‘Or maybe she won’t be into that at all,’ Judah warned. ‘But you could ask.’

Reid nodded. ‘Or you could.’

‘Silent partner, remember?’

‘Not so silent now though, are you?’

‘Set a business up to serve a need and it’ll grow. And, yeah.’ He’d been thinking about conservation management plans for years and he liked where his brother’s head was at. ‘Maybe not so silent after all.’

Bridie couldn’t quite comprehend what her father was saying. Possibly because he was saying very little.

‘I’m heading off for a while.’ That had been his first sentence, swiftly followed by, ‘Don’t expect me back any time soon.’

‘But where are you going?’ She followed him out to his twin cab as he tossed an old-fashioned suitcase in the back. The vehicle was old enough to need new shock absorbers and back brakes and probably a couple of tyres. Serviceable enough when driving around the ten thousand or so square miles they called Devil’s Kiss, but beyond that he was pushing his luck.

‘But where are you going?’ she asked again when he didn’t respond.

‘Might go and see your aunt for a while.’

‘In the Kimberleys?’ Because that was where Aunt Beth lived, and as well as needing a reliable vehicle to get there, even a one-way trip was likely to take days. Her father had never once left her here alone for days. ‘Is she sick?’

He shrugged, squirrelly and unable to meet her gaze.

‘Are you sick?’ Although, if he was, surely he’d be heading east for medical care rather than west.

‘No. I just need to get away from here for a while. Maybe a long while.’

And then he pulled her close, kissed her cheek, muttered, ‘Take care of yourself, love,’ and was gone in a cloud of dust that would linger for half an hour before settling.

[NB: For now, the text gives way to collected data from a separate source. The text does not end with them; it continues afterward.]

(* Let $\mathbf u\in W^{1,\varphi}(\Omega,\mathbb{R}^N)$, let $B_\varrho(x_0)\subseteq\Omega$ and $\vartheta\in(0,1)$, and assume $$\frac{\Phi(x_0,\varrho)}{\varphi(|(D\mathbf u)_{x_0,\varrho}|)}\le\frac{\vartheta^n}{2^{\mu_2+1}c_{\mu_2}} .$$ Then $|(D\mathbf u)_{x_0,\varrho}|\le 2\,|(D\mathbf u)_{x_0,\vartheta\varrho}|$.
   Context: $\Omega\subset\mathbb{R}^n$ open bounded, $n,N\ge2$; $B_\varrho(x_0)$ open ball; $(g)_{x_0,\varrho}$ average of $g$ over $B_\varrho(x_0)$. $\varphi:[0,\infty)\to[0,\infty)$ is an $N$-function (convex, $\varphi(0)=0$, right-continuous nondecreasing derivative $\varphi'$, $\varphi'(0)=0$, $\varphi'(t)>0$ for $t>0$, $\varphi'(t)\to\infty$) with $\varphi\in C^1([0,\infty))\cap C^2((0,\infty))$ and $\mu_1-1\le t\varphi''(t)/\varphi'(t)\le\mu_2-1$ for $t>0$, constants $1<\mu_1\le\mu_2$. Shifted $N$-functions: $\varphi_a(t):=\int_0^t\varphi'(a+s)\frac{s}{a+s}\,\mathrm{d}s$ for $a\ge0$ (so $\varphi_0=\varphi$). $c_{\mu_2}$ is a constant (depending only on $\varphi$) such that $\varphi_{|\mathbf a|}(t)\le c_{\mu_2}\varphi_{|\mathbf b|}(t)+2^{-\mu_2-1}\varphi_{|\mathbf a|}(|\mathbf a-\mathbf b|)$ for all $\mathbf a,\mathbf b\in\mathbb{R}^{N\times n}$ and $t\ge0$ (change-of-shift inequality). Excess: $\Phi(x_0,\varrho):=\frac{1}{|B_\varrho(x_0)|}\int_{B_\varrho(x_0)}\varphi_{|(D\mathbf u)_{x_0,\varrho}|}\big(|D\mathbf u-(D\mathbf u)_{x_0,\varrho}|\big)\,\mathrm{d}x$. *)

theory Defs
  imports "HOL-Analysis.Analysis"
begin

definition N_function_reg ::
  "(real \<Rightarrow> real) \<Rightarrow> (real \<Rightarrow> real) \<Rightarrow> (real \<Rightarrow> real) \<Rightarrow> real \<Rightarrow> real \<Rightarrow> bool" where
  "N_function_reg \<phi> \<phi>' \<phi>'' \<mu>1 \<mu>2 \<longleftrightarrow>
     convex_on {0..} \<phi> \<and> \<phi> 0 = 0 \<and>
     (\<forall>t\<ge>0. (\<phi> has_real_derivative \<phi>' t) (at t within {0..})) \<and>
     continuous_on {0..} \<phi>' \<and>
     mono_on {0..} \<phi>' \<and> \<phi>' 0 = 0 \<and> (\<forall>t>0. \<phi>' t > 0) \<and>
     filterlim \<phi>' at_top at_top \<and>
     (\<forall>t>0. (\<phi>' has_real_derivative \<phi>'' t) (at t)) \<and>
     continuous_on {0<..} \<phi>'' \<and>
     1 < \<mu>1 \<and> \<mu>1 \<le> \<mu>2 \<and>
     (\<forall>t>0. \<mu>1 - 1 \<le> t * \<phi>'' t / \<phi>' t \<and> t * \<phi>'' t / \<phi>' t \<le> \<mu>2 - 1)"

She stood alone, hands on hips, in front of the white wooden homestead, a few carefully tended gum trees flanking it, and watched him go with a sinking feeling she hadn’t felt in years.

Not as if he were leaving her unprotected.

She was a perfectly healthy twenty-three-year-old, born and raised on Devil’s Kiss remote cattle station and perfectly comfortable around spiders, snakes, reptiles, feral pigs and uncivilised bulls. She knew every bit of this land and the people on it.

Curtis and his elderly partner, Maria, lived in the station-hand house—retired now and living rent free in exchange for the safety of their company and a few odd jobs here and there.

Jake and Cobb were salaried cattlemen and they and their wives and children lived in newer cottages further north and closer to town. She could call on them at any time if anything that she couldn’t do needed doing.

She had Gert for three days every fortnight, and Gert even had a room in the house. It wasn’t as if Bridie was being abandoned in the middle of nowhere.

Shucking her boots at the door—because why undo all of Gert’s hard work?—she stepped into the kitchen area of the grand old homestead that glittered like a shimmery jewel in a desert of burnt umber. It was a one-storey house, not nearly as big as the Blake place, but similarly Victorian flavoured. It had a corrugated-iron roof and wraparound verandas framed by elaborate wrought-iron lacework. Stone walls kept the inside of the house reasonably cool and the windows and abundance of French doors leading onto the verandas let in light, but not sunshine, and that too helped to keep the scorching heat at bay. Nothing ever kept the dust out.

Gert looked up as Bridie entered, the screen door clicking shut behind her. ‘All good?’

‘Hard to say. Dad just lit out for parts unknown like his tail was on fire. And I don’t know when he’ll return. I don’t understand. He seemed fine last night. Even after the engagement announcement.’

‘About that...’ Gert had been at the ball. ‘Bit of a surprise.’

‘Mm. More of a business arrangement than anything else.’

‘Will we be seeing him here today?’

‘Judah?’ She had no idea when she’d be seeing him again. ‘Er...not that I know of. Deals to cut, guests to farewell, that kind of thing.’ She assumed...

‘You should see if he wants to come over. I’m making ginger snaps.’